If you want to know more details about the actual implementation you will have to ask Xilinx. Much of the core of the high throughput functions is not designed by NI themselves but they use premade IP modules from Xilinx for that.
This is a very simply idea how you can do this for a 16 latency algorithme.
04-29-2021 05:39 AM
Just to be clear,
If I understand you correctly, 16 iterations are performed and the logic for all 16 iterations is written in such a way that the output of ith iteration is passed as input to (i+1)th iteration through a feedback node. Thus making the latency of the logic to be 16 cycles which is controlled by the outer most loop?

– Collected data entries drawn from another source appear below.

lemma lagr_le_indicator:
  assumes L: "L \<in> finite_measures_on Theta0" and \<phi>: "\<phi> \<in> Phi N"
  shows "lag \<phi> L \<le> lag (\<lambda>y. if mix L f y < g y then 1 else 0) L"
  using integral_Phi_mult_le_indicator[OF _ \<phi>, of "\<lambda>y. g y - mix L f y"]
    g_integrable mix_integrable[OF L Theta0_subset]
  by (simp add: lagr_eq[OF L \<phi>] lagr_eq[OF L lagr_indicator_Phi[OF L]])

lemma dualf_eq:
  assumes L: "L \<in> finite_measures_on Theta0"
  shows "dual L = lag (\<lambda>y. if mix L f y < g y then 1 else 0) L"
  unfolding dualf_def using lagr_indicator_Phi[OF L] lagr_le_indicator[OF L]
  by (intro cSup_eq_maximum) auto

lemma lagr_le_dualf: "L \<in> finite_measures_on Theta0 \<Longrightarrow> \<phi> \<in> Phi N \<Longrightarrow> lag \<phi> L \<le> dual L"
  using lagr_le_indicator dualf_eq by simp

lemma lagr_maximizer_AE:
  assumes L: "L \<in> finite_measures_on Theta0" and \<phi>: "\<phi> \<in> Phi N"
    and max: "lag (\<lambda>y. if mix L f y < g y then 1 else 0) L \<le> lag \<phi> L"
  shows "AE y in N. (mix L f y < g y \<longrightarrow> \<phi> y = 1) \<and> (g y < mix L f y \<longrightarrow> \<phi> y = 0)"
  using Phi_maximizer_AE_indicator[OF _ \<phi>, of "\<lambda>y. g y - mix L f y"] max
    g_integrable mix_integrable[OF L Theta0_subset]
  by (simp add: lagr_eq[OF L \<phi>] lagr_eq[OF L lagr_indicator_Phi[OF L]])

lemma objP_le_lagr:
  assumes L: "L \<in> finite_measures_on Theta0" and \<phi>: "\<phi> \<in> Phi_alpha N f Theta0 \<alpha>"
  shows "J \<phi> \<le> lag \<phi> L"
proof -
  have "0 \<le> (\<integral>\<theta>. - ((\<integral>y. \<phi> y * f \<theta> y \<partial>N) - \<alpha>) \<partial>L)"
    using \<phi> space_finite_measures_on[OF L] by (intro Bochner_Integration.integral_nonneg) (auto simp: Phi_alpha_def)
  hence "(\<integral>\<theta>. (\<integral>y. \<phi> y * f \<theta> y \<partial>N) - \<alpha> \<partial>L) \<le> 0"
    unfolding Bochner_Integration.integral_minus by linarith
  thus ?thesis by (simp add: lagr_def)
qed

lemma objP_le_dualf: "L \<in> finite_measures_on Theta0 \<Longrightarrow> \<phi> \<in> Phi_alpha N f Theta0 \<alpha> \<Longrightarrow> J \<phi> \<le> dual L"
  using objP_le_lagr lagr_le_dualf Phi_alpha_imp_Phi by (meson order_trans)

abbreviation "optimal_value \<equiv> SUP \<phi>\<in>Phi_alpha N f Theta0 \<alpha>. J \<phi>"

lemma objP_le_optimal_value: "\<phi> \<in> Phi_alpha N f Theta0 \<alpha> \<Longrightarrow> J \<phi> \<le> optimal_value"
  by (rule cSUP_upper) (auto intro!: bdd_aboveI[of _ 1] objP_le_1 intro: Phi_alpha_imp_Phi)

lemma concave_on_objP: "concave_on (Phi N) J"
  unfolding concave_on_iff
proof (intro conjI convex_Phi ballI allI impI)
  fix \<phi> \<psi> and u w :: real assume "\<phi> \<in> Phi N" "\<psi> \<in> Phi N" "0 \<le> u" "0 \<le> w" "u + w = 1"
  moreover from this have "u *\<^sub>R \<phi> + w *\<^sub>R \<psi> \<in> Phi N" using convexD[OF convex_Phi] by blast
  ultimately show "u * J \<phi> + w * J \<psi> \<le> J (u *\<^sub>R \<phi> + w *\<^sub>R \<psi>)"
    using integral_Phi_convex_comb[OF g_integrable, of \<phi> \<psi> u w]
    by (simp add: objP_eq algebra_simps flip: distrib_right)
qed
(* Let $X:\mathbb{N}\to\mathbf{Set}_*$ be a tower of pointed sets, $A$ an abelian group and $B\subseteq A$ a subgroup. Then there is a natural inclusion $H(X,B)\hookrightarrow H(X,A)$, and for every $n\ge1$ it restricts to an isomorphism $H(X,A[n])\cong H(X,A)[n]$. If moreover $X$ satisfies the Mittag-Leffler condition, then $H(X,A/B)\cong H(X,A)/H(X,B)$ naturally, and for every $n\ge1$ the inclusion $H(X,nA)\hookrightarrow H(X,A)$ gives an isomorphism $H(X,nA)\cong nH(X,A)$. The same statements hold with $G$ in place of $H$.
   Context: $\mathbb{N}$ is regarded as a category with a single morphism $n\to m$ whenever $n\ge m$. For a pointed set $Y$, $Y\wedge A:=\bigoplus_{Y\setminus\{*\}}A$ (finitely supported pointed maps $Y\to A$), functorial via $f_*(sv)=f(s)v$, where $sv$ is the element with value $v$ at $s$ ($*v=0$). $G(X,A):=\lim_\mathbb{N}(X\wedge A)$; $K(X,A)$ is the image of the injective natural map $\rho:(\lim_\mathbb{N}X)\wedge A\to G(X,A)$, $\rho(xv)(n)=x(n)v$; $H(X,A):=G(X,A)/K(X,A)$. $A[n]=\{a\in A:na=0\}$. $X$ satisfies the Mittag-Leffler condition if for every $n$ there is $s\ge n$ with $\mathrm{Im}(X(s)\to X(n))=\mathrm{Im}(X(r)\to X(n))$ for all $r\ge s$. *)

theory Defs
  imports "HOL-Algebra.Algebra"
begin

definition tower :: "(nat \<Rightarrow> 'x set) \<Rightarrow> (nat \<Rightarrow> 'x) \<Rightarrow> (nat \<Rightarrow> 'x \<Rightarrow> 'x) \<Rightarrow> bool" where
  "tower T p f \<longleftrightarrow> (\<forall>n. p n \<in> T n \<and> f n ` T (Suc n) \<subseteq> T n \<and> f n (p (Suc n)) = p n)"

fun bond :: "(nat \<Rightarrow> 'x \<Rightarrow> 'x) \<Rightarrow> nat \<Rightarrow> nat \<Rightarrow> 'x \<Rightarrow> 'x" where
  "bond f n 0 = id"
| "bond f n (Suc k) = bond f n k \<circ> f (n + k)"

text \<open>bond f n k : T (n+k) -> T n\<close>

definition mittag_leffler :: "(nat \<Rightarrow> 'x set) \<Rightarrow> (nat \<Rightarrow> 'x \<Rightarrow> 'x) \<Rightarrow> bool" where
  "mittag_leffler T f \<longleftrightarrow>
     (\<forall>n. \<exists>s\<ge>n. \<forall>r\<ge>s. bond f n (s - n) ` T s = bond f n (r - n) ` T r)"

text \<open>Y smash A: finitely supported pointed maps Y -> A (value 1 at the basepoint
  and, by convention, outside Y).\<close>

definition wedge :: "'y set \<Rightarrow> 'y \<Rightarrow> ('a, 'b) monoid_scheme \<Rightarrow> ('y \<Rightarrow> 'a) set" where
  "wedge Y pt A = {s. (\<forall>y. s y \<in> carrier A) \<and> (\<forall>y. y \<notin> Y - {pt} \<longrightarrow> s y = \<one>\<^bsub>A\<^esub>)
                     \<and> finite {y. s y \<noteq> \<one>\<^bsub>A\<^esub>}}"

definition push :: "('a, 'b) monoid_scheme \<Rightarrow> 'y set \<Rightarrow> 'y \<Rightarrow> 'z set \<Rightarrow> 'z \<Rightarrow> ('y \<Rightarrow> 'z)
                     \<Rightarrow> ('y \<Rightarrow> 'a) \<Rightarrow> ('z \<Rightarrow> 'a)" where
  "push A Y pt Z pt' g s = (\<lambda>z. if z \<in> Z - {pt'}
       then finprod A s {y \<in> Y - {pt}. g y = z \<and> s y \<noteq> \<one>\<^bsub>A\<^esub>} else \<one>\<^bsub>A\<^esub>)"

text \<open>G(T,A) = lim (T smash A), as a group under pointwise multiplication.\<close>

definition Gcar :: "(nat \<Rightarrow> 'x set) \<Rightarrow> (nat \<Rightarrow> 'x) \<Rightarrow> (nat \<Rightarrow> 'x \<Rightarrow> 'x)
                    \<Rightarrow> ('a, 'b) monoid_scheme \<Rightarrow> (nat \<Rightarrow> 'x \<Rightarrow> 'a) set" where
  "Gcar T p f A = {g. \<forall>n. g n \<in> wedge (T n) (p n) A
       \<and> push A (T (Suc n)) (p (Suc n)) (T n) (p n) (f n) (g (Suc n)) = g n}"

definition Ggrp :: "(nat \<Rightarrow> 'x set) \<Rightarrow> (nat \<Rightarrow> 'x) \<Rightarrow> (nat \<Rightarrow> 'x \<Rightarrow> 'x)
                    \<Rightarrow> ('a, 'b) monoid_scheme \<Rightarrow> (nat \<Rightarrow> 'x \<Rightarrow> 'a) monoid" where
  "Ggrp T p f A = \<lparr>carrier = Gcar T p f A,
       monoid.mult = (\<lambda>g h. \<lambda>n y. g n y \<otimes>\<^bsub>A\<^esub> h n y), one = (\<lambda>n y. \<one>\<^bsub>A\<^esub>)\<rparr>"

definition limcar :: "(nat \<Rightarrow> 'x set) \<Rightarrow> (nat \<Rightarrow> 'x \<Rightarrow> 'x) \<Rightarrow> (nat \<Rightarrow> 'x) set" where
  "limcar T f = {x. \<forall>n. x n \<in> T n \<and> f n (x (Suc n)) = x n}"

text \<open>rho : (lim T) smash A -> G(T,A), rho(s)(n) = (pr_n)_* s; K(T,A) its image.\<close>

definition rho :: "(nat \<Rightarrow> 'x set) \<Rightarrow> (nat \<Rightarrow> 'x) \<Rightarrow> (nat \<Rightarrow> 'x \<Rightarrow> 'x)
                    \<Rightarrow> ('a, 'b) monoid_scheme \<Rightarrow> ((nat \<Rightarrow> 'x) \<Rightarrow> 'a) \<Rightarrow> (nat \<Rightarrow> 'x \<Rightarrow> 'a)" where
  "rho T p f A s = (\<lambda>n. push A (limcar T f) p (T n) (p n) (\<lambda>x. x n) s)"

definition Kset :: "(nat \<Rightarrow> 'x set) \<Rightarrow> (nat \<Rightarrow> 'x) \<Rightarrow> (nat \<Rightarrow> 'x \<Rightarrow> 'x)
                    \<Rightarrow> ('a, 'b) monoid_scheme \<Rightarrow> (nat \<Rightarrow> 'x \<Rightarrow> 'a) set" where
  "Kset T p f A = rho T p f A ` wedge (limcar T f) p A"

definition Hgrp :: "(nat \<Rightarrow> 'x set) \<Rightarrow> (nat \<Rightarrow> 'x) \<Rightarrow> (nat \<Rightarrow> 'x \<Rightarrow> 'x)
                    \<Rightarrow> ('a, 'b) monoid_scheme \<Rightarrow> (nat \<Rightarrow> 'x \<Rightarrow> 'a) set monoid" where
  "Hgrp T p f A = Ggrp T p f A Mod Kset T p f A"

definition Gmap :: "('a \<Rightarrow> 'c) \<Rightarrow> (nat \<Rightarrow> 'x \<Rightarrow> 'a) \<Rightarrow> (nat \<Rightarrow> 'x \<Rightarrow> 'c)" where
  "Gmap \<phi> g = (\<lambda>n y. \<phi> (g n y))"

definition Hmap :: "(nat \<Rightarrow> 'x set) \<Rightarrow> (nat \<Rightarrow> 'x) \<Rightarrow> (nat \<Rightarrow> 'x \<Rightarrow> 'x)
                    \<Rightarrow> ('c, 'd) monoid_scheme \<Rightarrow> ('a \<Rightarrow> 'c)
                    \<Rightarrow> (nat \<Rightarrow> 'x \<Rightarrow> 'a) set \<Rightarrow> (nat \<Rightarrow> 'x \<Rightarrow> 'c) set" where
  "Hmap T p f A' \<phi> c = Kset T p f A' <#>\<^bsub>Ggrp T p f A'\<^esub> (Gmap \<phi> ` c)"

text \<open>n-torsion A[n] and the subgroup nA (written multiplicatively).\<close>

definition torsion :: "('a, 'b) monoid_scheme \<Rightarrow> nat \<Rightarrow> 'a set" where
  "torsion A n = {a \<in> carrier A. a [^]\<^bsub>A\<^esub> n = \<one>\<^bsub>A\<^esub>}"

definition npowers :: "('a, 'b) monoid_scheme \<Rightarrow> nat \<Rightarrow> 'a set" where
  "npowers A n = (\<lambda>a. a [^]\<^bsub>A\<^esub> n) ` carrier A"

end

theory Submission
  imports Defs
begin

And 4-wire handshaking is used to synchronize the inputs and the output?
04-29-2021 07:41 AM
Not specifically. This was just a very simple setup for a 16 latency algorithme where every iteration executes the same iterative step. Potentially you have algorithmes that may perform different operations at different stages and then you would have a case structure where you now see a sequence frame.
4 wire handshake makes everything simply more complex and I did not worry about that for this simple setup example.
It's just meant to give you an idea how a multistage algorithm can be setup to be executable in a SCTL without using an additional loop (which is not allowed inside an SCTL). This is NOT the solution to your problem, simply a possible idea about how it can be made.
I actually trust that you are not intending to implement the CORDIC algorithm yourself. To me it sounded like you had an academic interest in how an iterative algorithm can be implemented inside an SCTL without using loops. My simple setup gives you an idea how it can be done. If you seriously want to implement something yourself, you will need to do a LOT more research yourself.